Most SEO Case Studies Are Lies

That case study showing 500% traffic growth? Cherry-picked data, survivorship bias, and creative accounting. Here's how the sausage gets made.

"We increased organic traffic by 847% in 6 months!"

You've seen these case studies. They're everywhere. Agency websites. Conference talks. LinkedIn posts. Twitter threads. Everyone has a success story with eye-popping numbers.

Most of them are, at best, misleading. At worst, outright fabrications.

I've been in rooms where these case studies were constructed. I've seen how the sausage gets made. Let me show you behind the curtain.

The Cherry-Picking Game

Woman with a Parasol by Claude Monet
Shielding yourself from algorithm changes.

Every agency has dozens of clients. Some do well. Some do okay. Some fail spectacularly.

Guess which ones make it into case studies?

You'll never see a case study titled "How We Worked For 18 Months With No Results" or "The Time Our Strategy Completely Backfired." Those clients exist. They just don't get published.

This creates massive survivorship bias. You're only seeing the wins. You're not seeing the far more numerous mediocre outcomes and failures. So you assume the wins are normal when they're actually exceptional.
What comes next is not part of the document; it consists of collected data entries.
lemma avg_phi_bounds:
  fixes al a b :: real
  assumes "0 < al" "al < 1" "a < b"
  shows "0 \<le> avg (phi al) a b" "avg (phi al) a b * min (b - a) 1 \<le> 1 / (1 - al)"
proof -
  define m where "m = min (b - a) 1"
  have m: "0 < m" "m \<le> 1" "m \<le> b - a" using assms by (auto simp: m_def)
  define L where "L = (LINT x:{a..b}|lborel. phi al x)"
  have L0: "0 \<le> L" unfolding L_def set_lebesgue_integral_def
    by (intro Bochner_Integration.integral_nonneg) (auto simp: phi_nonneg)
  have L_le: "L \<le> m powr (1 - al) / (1 - al)"
  proof (cases "integrable lborel (\<lambda>x. indicator {a..b} x *\<^sub>R phi al x)")
    case True
    have "ennreal L = (\<integral>\<^sup>+x\<in>{a..b}. ennreal (phi al x powr 1) \<partial>lborel)"
      unfolding L_def set_lebesgue_integral_def
      by (subst nn_integral_eq_integral[symmetric, OF True])
         (auto simp: phi_nonneg indicator_def intro!: nn_integral_cong)
    also have "\<dots> \<le> ennreal (m powr (1 - al) / (1 - al))"
      unfolding m_def using nn_integral_phi_powr_le[of al 1] assms by simp
    finally show ?thesis using m assms by (subst (asm) ennreal_le_iff) auto
  next
    case False
    then have "L = 0" unfolding L_def set_lebesgue_integral_def by (rule not_integrable_integral_eq)
    then show ?thesis using m assms by simp
  qed
  show "0 \<le> avg (phi al) a b" using L0 assms unfolding avg_def L_def[symmetric] by simp
  have "m powr (1 - al) \<le> 1" using powr_mono2[of "1 - al" m 1] m assms by simp
  then have "L \<le> 1 / (1 - al)"
    using L_le assms by (smt (verit) divide_right_mono)
  then have "L * m \<le> 1 / (1 - al) * m"
    using m by (intro mult_right_mono) auto
  also have "\<dots> \<le> 1 / (1 - al) * (b - a)"
    using m assms by (intro mult_left_mono) auto
  finally show "avg (phi al) a b * min (b - a) 1 \<le> 1 / (1 - al)"
    unfolding avg_def L_def[symmetric] m_def[symmetric] using assms by (simp add: field_simps)
qed
(* Let $f:\mathbb{R}^d\to\mathbb{R}$ be convex, and suppose there exist $\boldsymbol x^\star\in\mathbb{R}^d$, $\rho>0$ and $r>0$ such that $f$ is twice differentiable on $B(\boldsymbol x^\star,r)$ with $\nabla^2f(\boldsymbol x)\succeq\rho\boldsymbol I$ for all $\boldsymbol x\in B(\boldsymbol x^\star,r)$. Then $$f(\boldsymbol x)\ge f(\boldsymbol x^\star)+\langle\nabla f(\boldsymbol x^\star),\boldsymbol x-\boldsymbol x^\star\rangle+\rho\,H(\|\boldsymbol x-\boldsymbol x^\star\|_2),\qquad\forall\boldsymbol x\in\mathbb{R}^d,$$ where $H(x)=x^2/2$ if $0\le x\le r$ and $H(x)=r(x-r/2)$ if $x>r$.
   Context: $B(\boldsymbol x,r)$ is the closed Euclidean ball. *)

theory Defs
  imports "HOL-Analysis.Analysis"
begin

definition grad :: "('a::euclidean_space \<Rightarrow> real) \<Rightarrow> 'a \<Rightarrow> 'a" where
  "grad f x = (\<Sum>b\<in>Basis. frechet_derivative f (at x) b *\<^sub>R b)"

definition twice_differentiable_at :: "('a::euclidean_space \<Rightarrow> real) \<Rightarrow> 'a \<Rightarrow> bool" where
  "twice_differentiable_at f x \<longleftrightarrow>
     (\<forall>\<^sub>F y in nhds x. f differentiable (at y)) \<and> grad f differentiable (at x)"

definition hessian :: "('a::euclidean_space \<Rightarrow> real) \<Rightarrow> 'a \<Rightarrow> 'a \<Rightarrow> 'a" where
  "hessian f x = frechet_derivative (grad f) (at x)"

definition Hfun :: "real \<Rightarrow> real \<Rightarrow> real" where
  "Hfun r t = (if t \<le> r then t\<^sup>2 / 2 else r * (t - r / 2))"

end

theory Submission
  imports Defs
begin

text \<open>Along a unit direction u, g(s) = f(xs + s u) is a convex function of one variable
  with g'' \<ge> \<rho> on [0, r]. Integrating twice gives g(s) \<ge> g(0) + g'(0) s + \<rho> s^2/2 there;
  beyond r, convexity keeps g above its tangent at r, whose slope is at least g'(0) + \<rho> r,
  and this yields the linear branch of H.\<close>

lemma has_derivative_grad:
  fixes f :: "'a::euclidean_space \<Rightarrow> real"
  assumes "f differentiable (at y)"
  shows "(f has_derivative (\<lambda>v. grad f y \<bullet> v)) (at y)"
proof -
  let ?D = "frechet_derivative f (at y)"
  have D: "(f has_derivative ?D) (at y)"
    using assms frechet_derivative_works by blast
  have "?D v = grad f y \<bullet> v" for v
  proof -
    have "?D v = ?D (\<Sum>b\<in>Basis. (v \<bullet> b) *\<^sub>R b)"
      by (simp add: euclidean_representation)
    also have "\<dots> = (\<Sum>b\<in>Basis. (v \<bullet> b) * ?D b)"
      using has_derivative_linear[OF D] by (simp add: linear_sum linear_scale)
    also have "\<dots> = grad f y \<bullet> v"
      unfolding grad_def inner_sum_left by (simp add: inner_commute mult.commute)
    finally show ?thesis .
  qed
  then have "?D = (\<lambda>v. grad f y \<bullet> v)"
    by (simp add: fun_eq_iff)
  with D show ?thesis
    by simp
qed

lemma has_real_derivative_along_line:
  fixes g :: "'a::real_normed_vector \<Rightarrow> real"
  assumes "(g has_derivative D) (at (a + s *\<^sub>R u))"
  shows "((\<lambda>s. g (a + s *\<^sub>R u)) has_real_derivative D u) (at s)"
proof -
  have "((\<lambda>s. a + s *\<^sub>R u) has_derivative (\<lambda>h. h *\<^sub>R u)) (at s)"
    by (auto intro!: derivative_eq_intros)
  from has_derivative_compose[OF this assms]
  have "((\<lambda>s. g (a + s *\<^sub>R u)) has_derivative (\<lambda>h. h * D u)) (at s)"
    using linear_scale[OF has_derivative_linear[OF assms]] by (simp add: o_def)
  moreover have "(\<lambda>h. h * D u) = (*) (D u)"
    by (simp add: fun_eq_iff)
  ultimately show ?thesis
    by (simp add: has_field_derivative_def)
qed

lemma twice_differentiable_atD:
  assumes "twice_differentiable_at f x"
  shows "f differentiable (at x)" and "(grad f has_derivative hessian f x) (at x)"
  using assms eventually_nhds_x_imp_x frechet_derivative_works
  unfolding twice_differentiable_at_def hessian_def by blast+

lemma has_real_derivative_grad_along_line:
  fixes f :: "'a::euclidean_space \<Rightarrow> real"
  assumes "f differentiable (at (a + s *\<^sub>R u))"
  shows "((\<lambda>s. f (a + s *\<^sub>R u)) has_real_derivative grad f (a + s *\<^sub>R u) \<bullet> u) (at s)"
  using has_real_derivative_along_line[OF has_derivative_grad[OF assms]] .

lemma has_real_derivative_hessian_along_line:
  fixes f :: "'a::euclidean_space \<Rightarrow> real"
  assumes "(grad f has_derivative hessian f (a + s *\<^sub>R u)) (at (a + s *\<^sub>R u))"
  shows "((\<lambda>s. grad f (a + s *\<^sub>R u) \<bullet> u) has_real_derivative u \<bullet> hessian f (a + s *\<^sub>R u) u) (at s)"
proof -
  have "((\<lambda>y. grad f y \<bullet> u) has_derivative (\<lambda>v. hessian f (a + s *\<^sub>R u) v \<bullet> u)) (at (a + s *\<^sub>R u))"
    using assms by (auto intro!: derivative_eq_intros)
  from has_real_derivative_along_line[OF this] show ?thesis
    by (simp add: inner_commute)
qed

lemma convex_on_along_line:
  assumes "convex_on UNIV f"
  shows "convex_on UNIV (\<lambda>s::real. f (a + s *\<^sub>R u))"
proof (rule convex_onI)
  fix t x y :: real
  assume "0 < t" "t < 1"
  have "a + ((1 - t) * x + t * y) *\<^sub>R u = (1 - t) *\<^sub>R (a + x *\<^sub>R u) + t *\<^sub>R (a + y *\<^sub>R u)"
    by (simp add: algebra_simps)
  with convex_onD[OF assms, of t] \<open>0 < t\<close> \<open>t < 1\<close>
  show "f (a + ((1 - t) *\<^sub>R x + t *\<^sub>R y) *\<^sub>R u) \<le> (1 - t) * f (a + x *\<^sub>R u) + t * f (a + y *\<^sub>R u)"
    by simp
qed simp

lemma increment_le_increment_if_DERIV_le:
  fixes h k :: "real \<Rightarrow> real"
  assumes "a \<le> b"
    and "\<And>z. a \<le> z \<Longrightarrow> z \<le> b \<Longrightarrow> (h has_real_derivative h' z) (at z)"
    and "\<And>z. a \<le> z \<Longrightarrow> z \<le> b \<Longrightarrow> (k has_real_derivative k' z) (at z)"
    and "\<And>z. a \<le> z \<Longrightarrow> z \<le> b \<Longrightarrow> h' z \<le> k' z"
  shows "h b - h a \<le> k b - k a"
proof -
  have "(\<lambda>z. k z - h z) a \<le> (\<lambda>z. k z - h z) b"
    by (rule deriv_nonneg_imp_mono[where g' = "\<lambda>z. k' z - h' z"])
      (use assms in \<open>auto intro!: derivative_eq_intros\<close>)
  then show ?thesis by simp
qed

lemma convex_real_ge_tangent_plus_Hfun:
  fixes g g' g'' :: "real \<Rightarrow> real"
  assumes convex: "convex_on UNIV g" and "0 \<le> r" "0 \<le> t"
    and g': "\<And>s. 0 \<le> s \<Longrightarrow> s \<le> r \<Longrightarrow> (g has_real_derivative g' s) (at s)"
    and g'': "\<And>s. 0 \<le> s \<Longrightarrow> s \<le> r \<Longrightarrow> (g' has_real_derivative g'' s) (at s)"
    and curv: "\<And>s. 0 \<le> s \<Longrightarrow> s \<le> r \<Longrightarrow> \<rho> \<le> g'' s"
  shows "g t \<ge> g 0 + g' 0 * t + \<rho> * Hfun r t"
proof -
  have slope: "g' s \<ge> g' 0 + \<rho> * s" if "0 \<le> s" "s \<le> r" for s
  proof -
    have "\<rho> * s - \<rho> * 0 \<le> g' s - g' 0"
      by (rule increment_le_increment_if_DERIV_le[where h' = "\<lambda>_. \<rho>" and k' = g''])
        (use that g'' curv in \<open>auto intro!: derivative_eq_intros\<close>)
    then show ?thesis by simp
  qed
  have quadratic: "g s \<ge> g 0 + g' 0 * s + \<rho> * s\<^sup>2 / 2" if "0 \<le> s" "s \<le> r" for s
  proof -
    have "(g' 0 * s + \<rho> * s\<^sup>2 / 2) - (g' 0 * 0 + \<rho> * 0\<^sup>2 / 2) \<le> g s - g 0"
      by (rule increment_le_increment_if_DERIV_le[where h' = "\<lambda>z. g' 0 + \<rho> * z" and k' = g'])
        (use that g' slope in \<open>auto intro!: derivative_eq_intros\<close>)
    then show ?thesis by simp
  qed
  show ?thesis
  proof (cases "t \<le> r")
    case True
    then show ?thesis using quadratic[of t] \<open>0 \<le> t\<close> by (simp add: Hfun_def)
  next
    case False
    have "g t - g r \<ge> g' r * (t - r)"
      using convex_on_imp_above_tangent[OF convex] g'[of r] \<open>0 \<le> r\<close> by simp
    moreover have "g' r * (t - r) \<ge> (g' 0 + \<rho> * r) * (t - r)"
      using slope[of r] False \<open>0 \<le> r\<close> by (intro mult_right_mono) auto
    ultimately show ?thesis
      using quadratic[of r] False \<open>0 \<le> r\<close>
      by (simp add: Hfun_def algebra_simps power2_eq_square)
  qed
qed

theorem lemmaE5:
  fixes f :: "'a::euclidean_space \<Rightarrow> real" and xs :: 'a and \<rho> r :: real
  assumes "convex_on UNIV f"
    and "\<rho> > 0" and "r > 0"
    and "\<forall>x\<in>cball xs r. twice_differentiable_at f x"
    and "\<forall>x\<in>cball xs r. \<forall>v. v \<bullet> hessian f x v \<ge> \<rho> * (v \<bullet> v)"
  shows "\<forall>x. f x \<ge> f xs + grad f xs \<bullet> (x - xs) + \<rho> * Hfun r (norm (x - xs))"
proof
  fix x
  show "f x \<ge> f xs + grad f xs \<bullet> (x - xs) + \<rho> * Hfun r (norm (x - xs))"
  proof (cases "x = xs")
    case True
    with \<open>r > 0\<close> show ?thesis by (simp add: Hfun_def)
  next
    case False
    define t where "t = norm (x - xs)"
    define u where "u = (1 / t) *\<^sub>R (x - xs)"
    have "t > 0" "norm u = 1" and x_eq: "xs + t *\<^sub>R u = x"
      using False by (simp_all add: t_def u_def)
    have "f (xs + t *\<^sub>R u) \<ge> f (xs + 0 *\<^sub>R u) + (grad f (xs + 0 *\<^sub>R u) \<bullet> u) * t + \<rho> * Hfun r t"
    proof (rule convex_real_ge_tangent_plus_Hfun[where g'' = "\<lambda>s. u \<bullet> hessian f (xs + s *\<^sub>R u) u"])
      fix s assume "0 \<le> s" "s \<le> r"
      with \<open>norm u = 1\<close> have y: "xs + s *\<^sub>R u \<in> cball xs r"
        by (simp add: dist_norm)
      with assms(4) twice_differentiable_atD
      show "((\<lambda>s. f (xs + s *\<^sub>R u)) has_real_derivative grad f (xs + s *\<^sub>R u) \<bullet> u) (at s)"
        and "((\<lambda>s. grad f (xs + s *\<^sub>R u) \<bullet> u) has_real_derivative u \<bullet> hessian f (xs + s *\<^sub>R u) u) (at s)"
        by (blast intro: has_real_derivative_grad_along_line has_real_derivative_hessian_along_line)+
      from assms(5) y \<open>norm u = 1\<close> show "\<rho> \<le> u \<bullet> hessian f (xs + s *\<^sub>R u) u"
        by (metis mult.right_neutral norm_eq_1)
    qed (use convex_on_along_line[OF assms(1)] \<open>r > 0\<close> \<open>t > 0\<close> in simp_all)
    moreover have "grad f xs \<bullet> (x - xs) = (grad f xs \<bullet> u) * t"
      unfolding x_eq[symmetric] by simp
    ultimately show ?thesis
      unfolding t_def[symmetric] using x_eq by simp
  qed
qed

end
If an agency publishes 5 case studies and has 50 clients, you're seeing the top 10%. The other 90% might be fine, or they might be disasters. You'll never know.

The Baseline Manipulation

Here's a trick I've seen countless times: choosing a convenient baseline.

"Traffic increased 500% after our engagement!"

What they don't tell you: the baseline was chosen at a traffic low point. Maybe the site had just recovered from a penalty. Maybe it was seasonal. Maybe they started measurement right after a technical disaster was fixed.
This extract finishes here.